[PROVIDED RECORDS — start]
(* $$\sum_{n\ge0}|\mathfrak S_n(1243,2143,321)|x^n=1+x\frac{1-2x+3x^2}{(1-x)^4},$$ and consequently, for all $n\ge1$, $$|\mathfrak S_n(1243,2143,321)|=\binom{n-1}{0}+\binom{n-1}{1}+2\binom{n-1}{2}+2\binom{n-1}{3}.$$
   Context: $\mathfrak S_n(R)$ is the set of permutations of $\{1,\dots,n\}$ avoiding every pattern in $R$, where $\pi$ avoids $\sigma$ if no subsequence of $\pi$ has the same relative order as $\sigma$. *)

theory Defs
  imports "HOL-Computational_Algebra.Formal_Power_Series"
begin

definition perms :: "nat \<Rightarrow> nat list set" where
  "perms n = {p. distinct p \<and> set p = {1..n}}"

definition contains_pattern :: "nat list \<Rightarrow> nat list \<Rightarrow> bool" where
  "contains_pattern p s \<longleftrightarrow>
     (\<exists>f. strict_mono_on {..<length s} f \<and> (\<forall>i<length s. f i < length p) \<and>
          (\<forall>i<length s. \<forall>j<length s. s ! i < s ! j \<longleftrightarrow> p ! (f i) < p ! (f j)))"

definition avoids :: "nat list \<Rightarrow> nat list set \<Rightarrow> bool" where
  "avoids p R \<longleftrightarrow> (\<forall>s\<in>R. \<not> contains_pattern p s)"

definition Av :: "nat \<Rightarrow> nat list set \<Rightarrow> nat list set" where
  "Av n R = {p \<in> perms n. avoids p R}"

end

theory Submission
  imports Defs "HOL-Library.Sublist"
begin

(* Split a permutation of {1..n} at its maximum, p = B @ n # A. Since n can only play the
   largest letter of 321, 1243 or 2143, p avoids the three patterns iff B does, A is increasing,
   every inversion (x, y) of B has y below all of A, and no two entries of B lie below a common
   entry of A. If A = [] this just says p = q @ [n] with q in the class. Otherwise, with
   m = last A, the entries of B above m are m+1, ..., n-1 in increasing order, and B has at most
   one further entry a < m, which is 1 or stands first (else some x > m before a, a, and the
   entry 1 of A form a 321). This leaves the n - 1 rotations m+1 ... n 1 ... m and (n - 2)^2
   permutations with such an entry a, so |S_n| = |S_(n-1)| + (n - 1) + (n - 2)^2, which the
   binomial sum solves. The generating function then follows from
   sum_n C(n,k) x^n = x^k / (1 - x)^(k+1). *)

unbundle fps_syntax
[PROVIDED RECORDS — finish]
> ACTIVITY
Restate word for word the lines running from the line that holds "list \<Rightarrow> nat list \<Rightarrow>" to the final line of the entries.

> TASK SOLUTION
definition contains_pattern :: "nat list \<Rightarrow> nat list \<Rightarrow> bool" where
  "contains_pattern p s \<longleftrightarrow>
     (\<exists>f. strict_mono_on {..<length s} f \<and> (\<forall>i<length s. f i < length p) \<and>
          (\<forall>i<length s. \<forall>j<length s. s ! i < s ! j \<longleftrightarrow> p ! (f i) < p ! (f j)))"

definition avoids :: "nat list \<Rightarrow> nat list set \<Rightarrow> bool" where
  "avoids p R \<longleftrightarrow> (\<forall>s\<in>R. \<not> contains_pattern p s)"

definition Av :: "nat \<Rightarrow> nat list set \<Rightarrow> nat list set" where
  "Av n R = {p \<in> perms n. avoids p R}"

end

theory Submission
  imports Defs "HOL-Library.Sublist"
begin

(* Split a permutation of {1..n} at its maximum, p = B @ n # A. Since n can only play the
   largest letter of 321, 1243 or 2143, p avoids the three patterns iff B does, A is increasing,
   every inversion (x, y) of B has y below all of A, and no two entries of B lie below a common
   entry of A. If A = [] this just says p = q @ [n] with q in the class. Otherwise, with
   m = last A, the entries of B above m are m+1, ..., n-1 in increasing order, and B has at most
   one further entry a < m, which is 1 or stands first (else some x > m before a, a, and the
   entry 1 of A form a 321). This leaves the n - 1 rotations m+1 ... n 1 ... m and (n - 2)^2
   permutations with such an entry a, so |S_n| = |S_(n-1)| + (n - 1) + (n - 2)^2, which the
   binomial sum solves. The generating function then follows from
   sum_n C(n,k) x^n = x^k / (1 - x)^(k+1). *)

unbundle fps_syntax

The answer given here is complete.